** Stored data follows **

lemma qf_equiv_snocD: "qf_equiv d (as @ [x]) (bs @ [y]) \<Longrightarrow> qf_equiv d as bs"
  unfolding qf_equiv_def
proof (elim conjE, intro conjI allI impI)
  assume len: "length (as @ [x]) = length (bs @ [y])"
    and types: "\<forall>i<length (as @ [x]). \<forall>j<length (as @ [x]).
      ((as @ [x]) ! i = (as @ [x]) ! j) = ((bs @ [y]) ! i = (bs @ [y]) ! j) \<and>
      (\<forall>q>0. (d ((as @ [x]) ! i) ((as @ [x]) ! j) < of_rat q) =
              (d ((bs @ [y]) ! i) ((bs @ [y]) ! j) < of_rat q))"
  then show "length as = length bs" by simp
  fix i j assume "i < length as" "j < length as"
  with len types[rule_format, of i j] show
    "(as ! i = as ! j) = (bs ! i = bs ! j)"
    "\<And>q. q > 0 \<Longrightarrow> (d (as ! i) (as ! j) < of_rat q) = (d (bs ! i) (bs ! j) < of_rat q)"
    by (simp_all add: nth_append)
qed

lemma bf_equiv_sym: "bf_equiv M d n as bs \<Longrightarrow> bf_equiv M d n bs as"
proof (induction n arbitrary: as bs)
  case (Suc n)
  from Suc.prems show ?case
    by (simp only: bf_equiv.simps(2)) (meson Suc.IH)
qed (simp add: qf_equiv_sym)

lemma bf_equiv_Suc_iff:
  "bf_equiv M d (Suc n) as bs \<longleftrightarrow>
     (\<forall>x\<in>M. \<exists>y\<in>M. bf_equiv M d n (as @ [x]) (bs @ [y])) \<and>
     (\<forall>y\<in>M. \<exists>x\<in>M. bf_equiv M d n (bs @ [y]) (as @ [x]))"
  unfolding bf_equiv.simps(2) using bf_equiv_sym by blast

lemma bf_equiv_SucD:
  assumes "set as \<subseteq> M" "set bs \<subseteq> M" "bf_equiv M d (Suc n) as bs"
  shows "bf_equiv M d n as bs"
  using assms
proof (induction n arbitrary: as bs)
  case 0
  show ?case
  proof (cases "M = {}")
    case True
    with "0.prems"(1,2) have "as = []" "bs = []" by auto
    then show ?thesis by (simp add: qf_equiv_def)
  next
    case False
    then obtain x where "x \<in> M" by blast
    with "0.prems"(3) obtain y where "qf_equiv d (as @ [x]) (bs @ [y])" by auto
    then show ?thesis by (simp add: qf_equiv_snocD)
  qed
next
  case (Suc n)
  have "bf_equiv M d n (as @ [x]) (bs @ [y])"
    if "x \<in> M" "y \<in> M" "bf_equiv M d (Suc n) (as @ [x]) (bs @ [y])" for x y
    using that Suc.prems(1,2) by (intro Suc.IH) auto
  with Suc.prems(3) show ?case
    unfolding bf_equiv.simps(2) by blast
qed

lemma bf_equiv_antimono:
  assumes "set as \<subseteq> M" "set bs \<subseteq> M" "m \<le> n" "bf_equiv M d n as bs"
  shows "bf_equiv M d m as bs"
  using assms(3,4)
  by (induction n rule: dec_induct) (metis bf_equiv_SucD assms(1,2))+

lemma bf_equiv_omega_plus1_iff:
  "bf_equiv_omega_plus1 M d as bs \<longleftrightarrow>
     (\<forall>x\<in>M. \<exists>y\<in>M. bf_equiv_omega M d (as @ [x]) (bs @ [y])) \<and>
     (\<forall>y\<in>M. \<exists>x\<in>M. bf_equiv_omega M d (bs @ [y]) (as @ [x]))"
  unfolding bf_equiv_omega_plus1_def bf_equiv_omega_def using bf_equiv_sym by blast

lemma eq_if_same_positive_rat_bounds:
  fixes r s :: real
  assumes "\<And>q::rat. q > 0 \<Longrightarrow> r < of_rat q \<longleftrightarrow> s < of_rat q" "r \<ge> 0" "s \<ge> 0"
  shows "r = s"
proof -
  have False if "u < v" "u \<ge> 0" "\<And>q::rat. q > 0 \<Longrightarrow> u < of_rat q \<longleftrightarrow> v < of_rat q"
    for u v :: real
  proof -
    obtain q where "u < of_rat q" "of_rat q < v"
      using of_rat_dense \<open>u < v\<close> by blast
    moreover from this have "q > 0"
      using \<open>u \<ge> 0\<close> by (metis le_less_trans zero_less_of_rat_iff)
    ultimately show False
      using that(3) by auto
  qed
  with assms show ?thesis
    by (metis linorder_neqE_linordered_idom)
qed

context Metric_space
begin

lemma qf_equiv_iff_mdist_eq:
  assumes "set as \<subseteq> M" "set bs \<subseteq> M"
  shows "qf_equiv d as bs \<longleftrightarrow> length as = length bs \<and>
     (\<forall>i<length as. \<forall>j<length as. d (as ! i) (as ! j) = d (bs ! i) (bs ! j))"
proof
  assume qf: "qf_equiv d as bs"
  then have "d (as ! i) (as ! j) = d (bs ! i) (bs ! j)"
    if "i < length as" "j < length as" for i j
    using that by (intro eq_if_same_positive_rat_bounds) (auto simp: qf_equiv_def)
  with qf show "length as = length bs \<and>
     (\<forall>i<length as. \<forall>j<length as. d (as ! i) (as ! j) = d (bs ! i) (bs ! j))"
    by (simp add: qf_equiv_def)
next
  assume dist: "length as = length bs \<and>
     (\<forall>i<length as. \<forall>j<length as. d (as ! i) (as ! j) = d (bs ! i) (bs ! j))"
  have "as ! i = as ! j \<longleftrightarrow> bs ! i = bs ! j" if "i < length as" "j < length as" for i j
    using that dist assms zero[of "as ! i" "as ! j"] zero[of "bs ! i" "bs ! j"]
    by (metis nth_mem subsetD)
  with dist show "qf_equiv d as bs"
    by (simp add: qf_equiv_def)
qed

lemma limitin_mdist:
  assumes "limitin mtopology f a F" "limitin mtopology g b F"
  shows "((\<lambda>x. d (f x) (g x)) \<longlongrightarrow> d a b) F"
proof -
  from assms have "a \<in> M" "b \<in> M" and in_M: "\<forall>\<^sub>F x in F. f x \<in> M \<and> g x \<in> M"
    and null: "((\<lambda>x. d (f x) a) \<longlongrightarrow> 0) F" "((\<lambda>x. d (g x) b) \<longlongrightarrow> 0) F"
    by (auto simp: limitin_metric_dist_null eventually_conj_iff)
  have "norm (d u v - d a b) \<le> d u a + d v b" if "u \<in> M" "v \<in> M" for u v
    using triangle[OF that(1) \<open>a \<in> M\<close> that(2)] triangle[OF \<open>a \<in> M\<close> \<open>b \<in> M\<close> that(2)]
      triangle[OF \<open>a \<in> M\<close> that(1) \<open>b \<in> M\<close>] triangle[OF that(1) that(2) \<open>b \<in> M\<close>]
      commute[of a u] commute[of b v]
    unfolding real_norm_def abs_le_iff by linarith
  with in_M have "\<forall>\<^sub>F x in F. norm (d (f x) (g x) - d a b) \<le> d (f x) a + d (g x) b"
    by (auto elim: eventually_mono)
  moreover have "((\<lambda>x. d (f x) a + d (g x) b) \<longlongrightarrow> 0) F"
    using tendsto_add[OF null] by simp
  ultimately show ?thesis
    by (rule LIM_zero_cancel[OF Lim_null_comparison])
qed

definition tuples_limitin :: "(nat \<Rightarrow> 'a list) \<Rightarrow> 'a list \<Rightarrow> bool" where
  "tuples_limitin F L \<longleftrightarrow> (\<forall>k. set (F k) \<subseteq> M \<and> length (F k) = length L) \<and>
     (\<forall>i<length L. limitin mtopology (\<lambda>k. F k ! i) (L ! i) sequentially)"

lemma tuples_limitin_subset: "tuples_limitin F L \<Longrightarrow> set L \<subseteq> M"
  unfolding tuples_limitin_def by (metis in_set_conv_nth limitin_mspace subsetI)

lemma tuples_limitin_const: "set L \<subseteq> M \<Longrightarrow> tuples_limitin (\<lambda>k. L) L"
  unfolding tuples_limitin_def by auto

lemma tuples_limitin_subsequence:
  assumes "tuples_limitin F L" "strict_mono r"
  shows "tuples_limitin (F \<circ> r) L"
proof -
  have "limitin mtopology (\<lambda>k. F (r k) ! i) (L ! i) sequentially" if "i < length L" for i
    using limitin_subsequence[OF assms(2), of mtopology "\<lambda>k. F k ! i"] assms(1) that
    by (simp add: tuples_limitin_def o_def)
  with assms(1) show ?thesis
    by (simp add: tuples_limitin_def)
qed

lemma tuples_limitin_snoc:
  assumes "tuples_limitin F L" "limitin mtopology f x sequentially" "\<And>k. f k \<in> M"
  shows "tuples_limitin (\<lambda>k. F k @ [f k]) (L @ [x])"
  using assms unfolding tuples_limitin_def by (auto simp: nth_append less_Suc_eq)

lemma qf_equiv_closed:
  assumes "tuples_limitin F as" "tuples_limitin G bs" "\<And>k. qf_equiv d (F k) (G k)"
  shows "qf_equiv d as bs"
proof -
  have "set (F k) \<subseteq> M" "set (G k) \<subseteq> M" for k
    using assms(1,2) by (auto simp: tuples_limitin_def)
  with assms(3) have dist: "length (F k) = length (G k) \<and>
      (\<forall>i<length (F k). \<forall>j<length (F k). d (F k ! i) (F k ! j) = d (G k ! i) (G k ! j))" for k
    by (simp add: qf_equiv_iff_mdist_eq)
  have len_F: "length (F k) = length as" and len_G: "length (G k) = length bs" for k
    using assms(1,2) by (auto simp: tuples_limitin_def)
  with dist have len: "length as = length bs" by metis
  have "d (as ! i) (as ! j) = d (bs ! i) (bs ! j)" if "i < length as" "j < length as" for i j
  proof (rule tendsto_unique[OF trivial_limit_sequentially])
    show "((\<lambda>k. d (F k ! i) (F k ! j)) \<longlongrightarrow> d (as ! i) (as ! j)) sequentially"
      using assms(1) that by (intro limitin_mdist) (auto simp: tuples_limitin_def)
    have "(\<lambda>k. d (F k ! i) (F k ! j)) = (\<lambda>k. d (G k ! i) (G k ! j))"
      using dist len_F that by simp
    then show "((\<lambda>k. d (F k ! i) (F k ! j)) \<longlongrightarrow> d (bs ! i) (bs ! j)) sequentially"
      using assms(2) that len by (simp add: limitin_mdist tuples_limitin_def)
  qed
  with len show ?thesis
    by (simp add: qf_equiv_iff_mdist_eq assms(1,2)[THEN tuples_limitin_subset])
qed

** End of Stored data **

» Exercise instructions
The lines to return are those in the records above that hold the word "moreover".

» Answer to this task
    moreover from this have "q > 0"
  moreover have "((\<lambda>x. d (f x) a + d (g x) b) \<longlongrightarrow> 0) F"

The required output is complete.